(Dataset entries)
------------------------------------------------
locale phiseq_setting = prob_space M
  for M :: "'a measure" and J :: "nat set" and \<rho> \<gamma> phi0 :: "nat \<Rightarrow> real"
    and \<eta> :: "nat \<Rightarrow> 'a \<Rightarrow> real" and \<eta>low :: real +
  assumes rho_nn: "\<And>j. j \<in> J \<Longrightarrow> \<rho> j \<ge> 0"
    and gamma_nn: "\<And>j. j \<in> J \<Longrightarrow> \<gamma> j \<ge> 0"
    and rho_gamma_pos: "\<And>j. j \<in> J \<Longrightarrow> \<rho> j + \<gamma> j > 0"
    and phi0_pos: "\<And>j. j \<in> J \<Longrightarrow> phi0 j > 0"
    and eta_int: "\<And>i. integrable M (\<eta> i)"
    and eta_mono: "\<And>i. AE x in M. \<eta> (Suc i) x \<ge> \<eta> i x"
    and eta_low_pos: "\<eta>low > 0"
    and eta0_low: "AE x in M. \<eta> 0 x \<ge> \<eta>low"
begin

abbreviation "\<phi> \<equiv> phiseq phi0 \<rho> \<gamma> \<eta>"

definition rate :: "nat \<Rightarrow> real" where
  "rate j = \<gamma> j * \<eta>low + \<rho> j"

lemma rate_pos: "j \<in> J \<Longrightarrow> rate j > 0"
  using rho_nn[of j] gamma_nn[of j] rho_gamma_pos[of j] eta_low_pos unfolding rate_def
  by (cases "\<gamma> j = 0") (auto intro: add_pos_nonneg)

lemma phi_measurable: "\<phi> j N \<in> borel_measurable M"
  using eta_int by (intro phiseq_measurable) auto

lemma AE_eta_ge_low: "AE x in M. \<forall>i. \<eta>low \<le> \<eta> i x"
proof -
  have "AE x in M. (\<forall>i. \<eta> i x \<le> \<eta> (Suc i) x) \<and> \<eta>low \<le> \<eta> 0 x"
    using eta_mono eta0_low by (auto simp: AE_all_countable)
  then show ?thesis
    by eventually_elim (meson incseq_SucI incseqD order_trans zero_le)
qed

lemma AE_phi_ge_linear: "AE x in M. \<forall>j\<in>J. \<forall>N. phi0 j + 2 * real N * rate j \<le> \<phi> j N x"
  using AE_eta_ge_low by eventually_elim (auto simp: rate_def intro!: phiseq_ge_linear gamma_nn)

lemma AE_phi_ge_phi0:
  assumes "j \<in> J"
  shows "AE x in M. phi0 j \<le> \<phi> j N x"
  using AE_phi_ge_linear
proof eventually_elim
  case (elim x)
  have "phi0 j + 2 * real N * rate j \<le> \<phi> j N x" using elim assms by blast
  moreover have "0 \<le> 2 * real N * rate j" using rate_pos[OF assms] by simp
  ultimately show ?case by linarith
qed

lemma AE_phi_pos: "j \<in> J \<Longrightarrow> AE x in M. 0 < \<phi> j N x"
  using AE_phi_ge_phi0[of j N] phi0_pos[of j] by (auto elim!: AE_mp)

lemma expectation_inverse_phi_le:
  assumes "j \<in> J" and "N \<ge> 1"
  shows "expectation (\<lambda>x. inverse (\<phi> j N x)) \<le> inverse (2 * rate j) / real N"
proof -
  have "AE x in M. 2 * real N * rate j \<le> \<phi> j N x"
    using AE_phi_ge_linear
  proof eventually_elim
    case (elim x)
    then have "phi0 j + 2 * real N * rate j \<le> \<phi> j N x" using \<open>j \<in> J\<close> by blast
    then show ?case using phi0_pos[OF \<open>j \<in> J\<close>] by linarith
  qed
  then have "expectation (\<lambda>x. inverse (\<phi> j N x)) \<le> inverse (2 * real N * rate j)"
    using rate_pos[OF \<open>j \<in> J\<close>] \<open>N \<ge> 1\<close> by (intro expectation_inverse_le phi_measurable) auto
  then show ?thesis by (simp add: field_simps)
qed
------------------------------------------------
YOUR GOAL
In exact wording, restate the lines of the data above from the first through the one holding "j + \<gamma>", and stop after that line.

ANSWER SPACE
locale phiseq_setting = prob_space M
  for M :: "'a measure" and J :: "nat set" and \<rho> \<gamma> phi0 :: "nat \<Rightarrow> real"
    and \<eta> :: "nat \<Rightarrow> 'a \<Rightarrow> real" and \<eta>low :: real +
  assumes rho_nn: "\<And>j. j \<in> J \<Longrightarrow> \<rho> j \<ge> 0"
    and gamma_nn: "\<And>j. j \<in> J \<Longrightarrow> \<gamma> j \<ge> 0"
    and rho_gamma_pos: "\<And>j. j \<in> J \<Longrightarrow> \<rho> j + \<gamma> j > 0"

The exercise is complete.